15 Temmuz isyan hareketinin engellenmesinde elden geleni
yapmak vicdan, iman, onur, bağımsız kişilik; din, millet, memleket
ve Erdoğan sevgisinin gereği idi. Bu gereklilikten hareketle teri
ve kanı dökülenlerin, canını verenlerin teşhirle alakaları olmaz,
teşhir meraklılarının ise samimiyetleri şaibelidir. Samimi olanlar
görev bitince vazifelerini yapmış olmanın huzuru içinde evlerine ve
işlerine dönerler, istemedikleri halde gören ve bilenlerin açık
etmelerinden de pek memnun olmazlar; böyle olması gerekir.
Bir de “Ben demiştimciler” türedi.
Yahu sen ne zaman, niçin, ne kadar bilginle neyi demiştin de bunu
Erdoğan ve yol arkadaşları bilmiyorlardı veya
bildikleri/bildirdiğin halde gereğini yapmadılar!?
2012 yılına kadar paralel yapı kendini mükemmel gizledi, nihai
amacını açığa vermedi, herkes onun “Milletini memleketini seven,
kaliteli, millet hizmetine adanmış insan yetiştirmekten öte bir
amaçlarının olmadığına inandı. Yöneticiler de böyle inandıkları
içindir ki 'her istediklerini' verdiler”.

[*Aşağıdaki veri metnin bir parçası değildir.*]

lemma trigraph_coloring_uncontract:
  assumes C: "contraction H u v z H'" and T: "is_trigraph H"
    and c': "trigraph_coloring k H' c'" and "a < k"
    and nbr: "\<And>t. t \<in> tV H - {u, v} \<Longrightarrow> {v, t} \<in> tE H \<Longrightarrow> a \<noteq> c' t"
    and uv: "{u, v} \<in> tE H \<Longrightarrow> a \<noteq> c' z"
  shows "trigraph_coloring k H (\<lambda>x. if x = u then c' z else if x = v then a else c' x)"
    (is "trigraph_coloring k H ?c")
proof -
  have V': "tV H' = insert z (tV H - {u, v})" and z: "z \<notin> tV H - {u, v}" and "u \<noteq> v"
    using C unfolding contraction_def by auto
  have proper': "\<And>x y. x \<in> tV H' \<Longrightarrow> y \<in> tV H' \<Longrightarrow> {x, y} \<in> tE H' \<Longrightarrow> c' x \<noteq> c' y"
    and bound': "\<And>x. x \<in> tV H' \<Longrightarrow> c' x < k"
    using c' unfolding trigraph_coloring_def by blast+
  have u_nbr: "c' z \<noteq> c' t" if "t \<in> tV H - {u, v}" "{u, t} \<in> tE H" for t
  proof -
    have "{z, t} \<in> tE H'" using contraction_edge_new[OF C T, of t] that z by auto
    then show ?thesis using proper' V' that(1) by auto
  qed
  have endpoint: "?c s \<noteq> ?c t" if "s \<in> {u, v}" "t \<in> tV H - {u, v}" "{s, t} \<in> tE H" for s t
  proof (cases "s = u")
    case True
    then show ?thesis using that u_nbr by simp
  next
    case False
    then have "s = v" using that(1) by blast
    then show ?thesis using that nbr \<open>u \<noteq> v\<close> by simp
  qed
  have proper: "?c x \<noteq> ?c y" if xy: "x \<in> tV H" "y \<in> tV H" "{x, y} \<in> tE H" for x y
  proof -
    have "x \<noteq> y" using trigraph_edge_vertices[OF T xy(3)] by blast
    have yx: "{y, x} \<in> tE H" using xy(3) by (simp add: insert_commute)
    consider "x \<in> {u, v}" "y \<in> {u, v}" | "x \<in> {u, v}" "y \<notin> {u, v}"
      | "x \<notin> {u, v}" "y \<in> {u, v}" | "x \<notin> {u, v}" "y \<notin> {u, v}" by blast
    then show ?thesis
    proof cases
      case 1
      with \<open>x \<noteq> y\<close> have "{x, y} = {u, v}" by blast
      then have "a \<noteq> c' z" using uv xy(3) by simp
      then show ?thesis using 1 \<open>x \<noteq> y\<close> \<open>u \<noteq> v\<close> by auto
    next
      case 2
      then show ?thesis using endpoint xy by blast
    next
      case 3
      then show ?thesis using endpoint[of y x] xy yx by auto
    next
      case 4
      then have "x \<noteq> z" "y \<noteq> z" using xy z by auto
      then have "{x, y} \<in> tE H'"
        using contraction_black_edge_away[OF C] contraction_red_edge_away[OF C] xy(3) 4 by auto
      then show ?thesis using proper' V' xy 4 by auto
    qed
  qed
  have "?c x < k" if "x \<in> tV H" for x
    using bound' V' that \<open>a < k\<close> by auto
  with proper show ?thesis unfolding trigraph_coloring_def by blast
qed

lemma contraction_neighbours_red:
  assumes C: "contraction H u v z H'" and T: "is_trigraph H"
    and F: "trigraph_triangle_free H" and uv: "{u, v} \<in> tE H"
  shows "{t \<in> tV H - {u, v}. {v, t} \<in> tE H} \<subseteq> {y. {z, y} \<in> tR H'}"
proof
  fix t assume t: "t \<in> {t \<in> tV H - {u, v}. {v, t} \<in> tE H}"
  then have "t \<noteq> z" using C unfolding contraction_def by auto
  have "{z, t} \<notin> tB H'"
  proof
    assume "{z, t} \<in> tB H'"
    then have "{t, u} \<in> tB H" "{t, v} \<in> tB H"
      using contraction_black_edge_new[OF C T \<open>t \<noteq> z\<close>] by (auto simp: insert_commute)
    then show False using F uv unfolding trigraph_triangle_free_def by blast
  qed
  moreover have "{z, t} \<in> tE H'" using contraction_edge_new[OF C T \<open>t \<noteq> z\<close>] t by auto
  ultimately show "t \<in> {y. {z, y} \<in> tR H'}" by auto
qed

lemma trigraph_coloring_uncontraction:
  assumes C: "contraction H u v z H'" and T: "is_trigraph H"
    and F: "trigraph_triangle_free H" and D: "is_d_trigraph d H'" and "d + 2 \<le> k"
    and c': "trigraph_coloring k H' c'"
  shows "\<exists>c. trigraph_coloring k H c"
proof -
  have "z \<in> tV H'" using C unfolding contraction_def by auto
  then have z_col: "c' z < k" using c' unfolding trigraph_coloring_def by blast
  show ?thesis
  proof (cases "{u, v} \<in> tE H")
    case False
    show ?thesis
    proof (rule exI, rule trigraph_coloring_uncontract[OF C T c' z_col])
      fix t assume t: "t \<in> tV H - {u, v}" "{v, t} \<in> tE H"
      then have "t \<noteq> z" "t \<in> tV H'" using C unfolding contraction_def by auto
      moreover have "{z, t} \<in> tE H'" using contraction_edge_new[OF C T \<open>t \<noteq> z\<close>] t by blast
      ultimately show "c' z \<noteq> c' t"
        using c' \<open>z \<in> tV H'\<close> unfolding trigraph_coloring_def by blast
    next
      assume "{u, v} \<in> tE H"
      with False show "c' z \<noteq> c' z" by blast
    qed
  next
    case True
    let ?N = "{t \<in> tV H - {u, v}. {v, t} \<in> tE H}"
    have red: "?N \<subseteq> {y. {z, y} \<in> tR H'}"
      using contraction_neighbours_red[OF C T F True] .
    have fin: "finite {y. {z, y} \<in> tR H'}"
      using D finite_red_neighbours[of H'] unfolding is_d_trigraph_def by blast
    have "card ?N \<le> red_degree H' z"
      unfolding red_degree_def using card_mono[OF fin red] .
    also have "\<dots> \<le> d" using D \<open>z \<in> tV H'\<close> unfolding is_d_trigraph_def by blast
    finally have "card ?N \<le> d" .
    with \<open>d + 2 \<le> k\<close> have "card ?N + 2 \<le> k" by simp
    from ex_less_notin_insert_image[OF finite_subset[OF red fin] this, where b = "c' z" and f = c']
    obtain a where "a < k" "a \<noteq> c' z" "a \<notin> c' ` ?N" by blast
    show ?thesis
    proof (rule exI, rule trigraph_coloring_uncontract[OF C T c' \<open>a < k\<close>])
      fix t assume "t \<in> tV H - {u, v}" "{v, t} \<in> tE H"
      then have "c' t \<in> c' ` ?N" by blast
      then show "a \<noteq> c' t" using \<open>a \<notin> c' ` ?N\<close> by blast
    next
      show "a \<noteq> c' z" by fact
    qed
  qed
qed

lemma card_contraction:
  assumes C: "contraction H u v z H'" and fin: "finite (tV H)"
  shows "card (tV H') = card (tV H) - 1"
proof -
  have V': "tV H' = insert z (tV H - {u, v})" and z: "z \<notin> tV H - {u, v}"
    and uv: "{u, v} \<subseteq> tV H" "u \<noteq> v"
    using C unfolding contraction_def by simp_all
  have "card {u, v} \<le> card (tV H)" using card_mono[OF fin uv(1)] .
  moreover have "card (tV H - {u, v}) = card (tV H) - card {u, v}"
    using card_Diff_subset[OF _ uv(1)] by simp
  moreover have "card (tV H') = Suc (card (tV H - {u, v}))"
    unfolding V' using fin z by simp
  ultimately show ?thesis using uv(2) by simp
qed

lemma ex_contraction:
  assumes "u \<in> tV H" "v \<in> tV H" "u \<noteq> v"
  shows "\<exists>H'. contraction H u v u H'"
proof
  let ?H' = "(insert u (tV H - {u, v}),
       {e \<in> tB H. u \<notin> e \<and> v \<notin> e}
         \<union> {{u, x} | x. x \<in> tV H - {u, v} \<and> {u, x} \<in> tB H \<and> {v, x} \<in> tB H},
       {e \<in> tR H. u \<notin> e \<and> v \<notin> e}
         \<union> {{u, x} | x. x \<in> tV H - {u, v} \<and> ({u, x} \<in> tE H \<or> {v, x} \<in> tE H)
                     \<and> \<not> ({u, x} \<in> tB H \<and> {v, x} \<in> tB H)})"
  show "contraction H u v u ?H'"
    using assms unfolding contraction_def tV_def tB_def tR_def by simp
qed

lemma contraction_sequence_exists:
  assumes "is_trigraph H" "card (tV H) = n" "1 \<le> n"
  shows "\<exists>S. S n = H \<and> (\<forall>i\<in>{1..n}. is_trigraph (S i) \<and> card (tV (S i)) = i)
           \<and> (\<forall>i\<in>{2..n}. \<exists>u v z. contraction (S i) u v z (S (i - 1)))"
  using assms(3,1,2)
proof (induction n arbitrary: H rule: nat_induct_at_least)
  case base
  then show ?case by (intro exI[of _ "\<lambda>_. H"]) auto
next
  case (Suc n)
  have fin: "finite (tV H)" using Suc.prems(1) by (simp add: is_trigraph_def)
  have "\<not> card (tV H) \<le> Suc 0" using Suc.prems(2) \<open>1 \<le> n\<close> by simp
  then obtain u v where uv: "u \<in> tV H" "v \<in> tV H" "u \<noteq> v"
    using card_le_Suc0_iff_eq[OF fin] by blast
  obtain H' where C: "contraction H u v u H'" using ex_contraction[OF uv] by blast
  have "is_trigraph H'" using contraction_is_trigraph[OF C Suc.prems(1)] .
  moreover have "card (tV H') = n" using card_contraction[OF C fin] Suc.prems(2) by simp
  ultimately obtain S where S: "S n = H'" "\<forall>i\<in>{1..n}. is_trigraph (S i) \<and> card (tV (S i)) = i"
      "\<forall>i\<in>{2..n}. \<exists>u v z. contraction (S i) u v z (S (i - 1))"
    using Suc.IH by blast
  let ?S = "S(Suc n := H)"
  have "\<forall>i\<in>{1..Suc n}. is_trigraph (?S i) \<and> card (tV (?S i)) = i"
    using S(2) Suc.prems by (auto simp: le_Suc_eq)
  moreover have "\<forall>i\<in>{2..Suc n}. \<exists>u v z. contraction (?S i) u v z (?S (i - 1))"
    using S(1,3) C \<open>1 \<le> n\<close> by (auto simp: le_Suc_eq)
  ultimately show ?case by (intro exI[of _ ?S]) simp
qed

lemma ex_d_sequence:
  assumes "is_graph V E" "V \<noteq> {}"
  shows "\<exists>S. d_sequence (card V) V E S"
proof -
  have G: "is_trigraph (V, E, {})" using assms(1) unfolding is_graph_def .
  have n: "1 \<le> card V"
    using G assms(2) by (simp add: is_trigraph_def tV_def Suc_le_eq card_gt_0_iff)
  have "card (tV (V, E, {})) = card V" by (simp add: tV_def)
  from contraction_sequence_exists[OF G this n] obtain S where S: "S (card V) = (V, E, {})"
      "\<forall>i\<in>{1..card V}. is_trigraph (S i) \<and> card (tV (S i)) = i"
      "\<forall>i\<in>{2..card V}. \<exists>u v z. contraction (S i) u v z (S (i - 1))"
    by blast
  have "is_d_trigraph (card V) (S i)" if i: "i \<in> {1..card V}" for i
  proof -
    have "red_degree (S i) x \<le> card V" for x
      using red_degree_le_card[of "S i" x] S(2) i by auto
    then show ?thesis using S(2) i unfolding is_d_trigraph_def by blast
  qed
  then show ?thesis using S n unfolding d_sequence_def Let_def by auto
qed

lemma tww_d_sequence:
  assumes "is_graph V E" "V \<noteq> {}"
  shows "\<exists>S. d_sequence (tww V E) V E S"
  unfolding tww_def using ex_d_sequence[OF assms] by (rule LeastI_ex[OF exI])

lemma d_sequence_mono:
  assumes "d_sequence d V E S" "d \<le> d'"
  shows "d_sequence d' V E S"
  using assms unfolding d_sequence_def is_d_trigraph_def Let_def by fastforce

lemma d_sequence_d_trigraph:
  assumes "d_sequence d V E S" "i \<in> {1..card V}"
  shows "is_d_trigraph d (S i)"
  using assms unfolding d_sequence_def Let_def by blast

lemma d_sequence_contraction:
  assumes "d_sequence d V E S" "1 \<le> j" "j < card V"
  shows "\<exists>u v z. contraction (S (Suc j)) u v z (S j)"
proof -
  have "Suc j \<in> {2..card V}" using assms(2,3) by simp
  then show ?thesis using assms(1) unfolding d_sequence_def Let_def by fastforce
qed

Asker ve sivil bürokrasiye sızmaları, adam yerleştirmeleri
konusunda onlar yalnız değil idiler, öteden beri her sağ ve sol
grup az çok bunu yapıyor, iktidarlar da belli bir denge içinde göz
yummayı tercih ediyorlardı.
Hepimiz bu bilinen ve takdir edilen tarafları yanında “tekelcilik,
hocaları hakkındaki aşırı inanç ve ölçüsüz bağlılık, yardım
toplamadaki manevi baskılar ve kanaatsizlik” gibi, kusurlarını
görüyor, ikaz ediyorduk; ama bu kusurların bir kısmı olağanüstü
nitelikler taşıdığına inanılan başka önderlerin gruplarında da
vardı; ya bunların (tarikat, cemaat vb.) tamamına cephe alacak,
mücadele edecek ve bu sebeple ümmetin birbirine düşmesine sebep
olacaktınız ya da “hikmet ve öğüt” ile aşırılıkları gidermeye
çalışacaktınız. Bu yolu izleyenler de oldu, cephe açıp kavga
edenler de oldu.
İktidar 2012 yılına kadar iyi niyetini ve hüsnüzannını korudu. Daha
öncesinde de istihbarattaki köstebek olayı, yurt dışında devletin
bazı hizmetlerinden memnuniyetsizlik, Mavi Marmara, gibi bazı
arızalar vardı, ancak cemaat, medyasında haddi aşmaya başlayınca
dershane hamlesi yapıldı. Bu hamle arayı daha ziyade açtı ve
arkasından 7 Şubat, Gezi, 17-25 Aralık darbe teşebbüsü, HDP ve CHP
ile seçim işbirliği, vicdansız algı operasyonları… geldi. İktidar
da bir yandan meşru savunmasını yaparken diğer yandan bu ahtapotun
kollarını kesmek üzere harekete geçti. Harekete geçti ama HSYK,
Anayasa Mahkemesi, Danıştay, idare mahkemeleri ve binlerce hakim ve
savcı cemaatin emrinde idi, bir kişiyi yerinden oynatsalar hem
muhalefet, hem sözde insan hakkı savunucuları, hem de angaje yargı
hükümetin elini kolunu bağlıyor, atılanı yerine geri
getiriyorlardı. Hükümet bu angaje ajanları ve kurumları ıslaha
teşebbüs ettiğinde yine kıyamet koparılıyor, başta siyasi muhalefet
olmak üzere ilgili şahıslar iktidara yükleniyorlardı.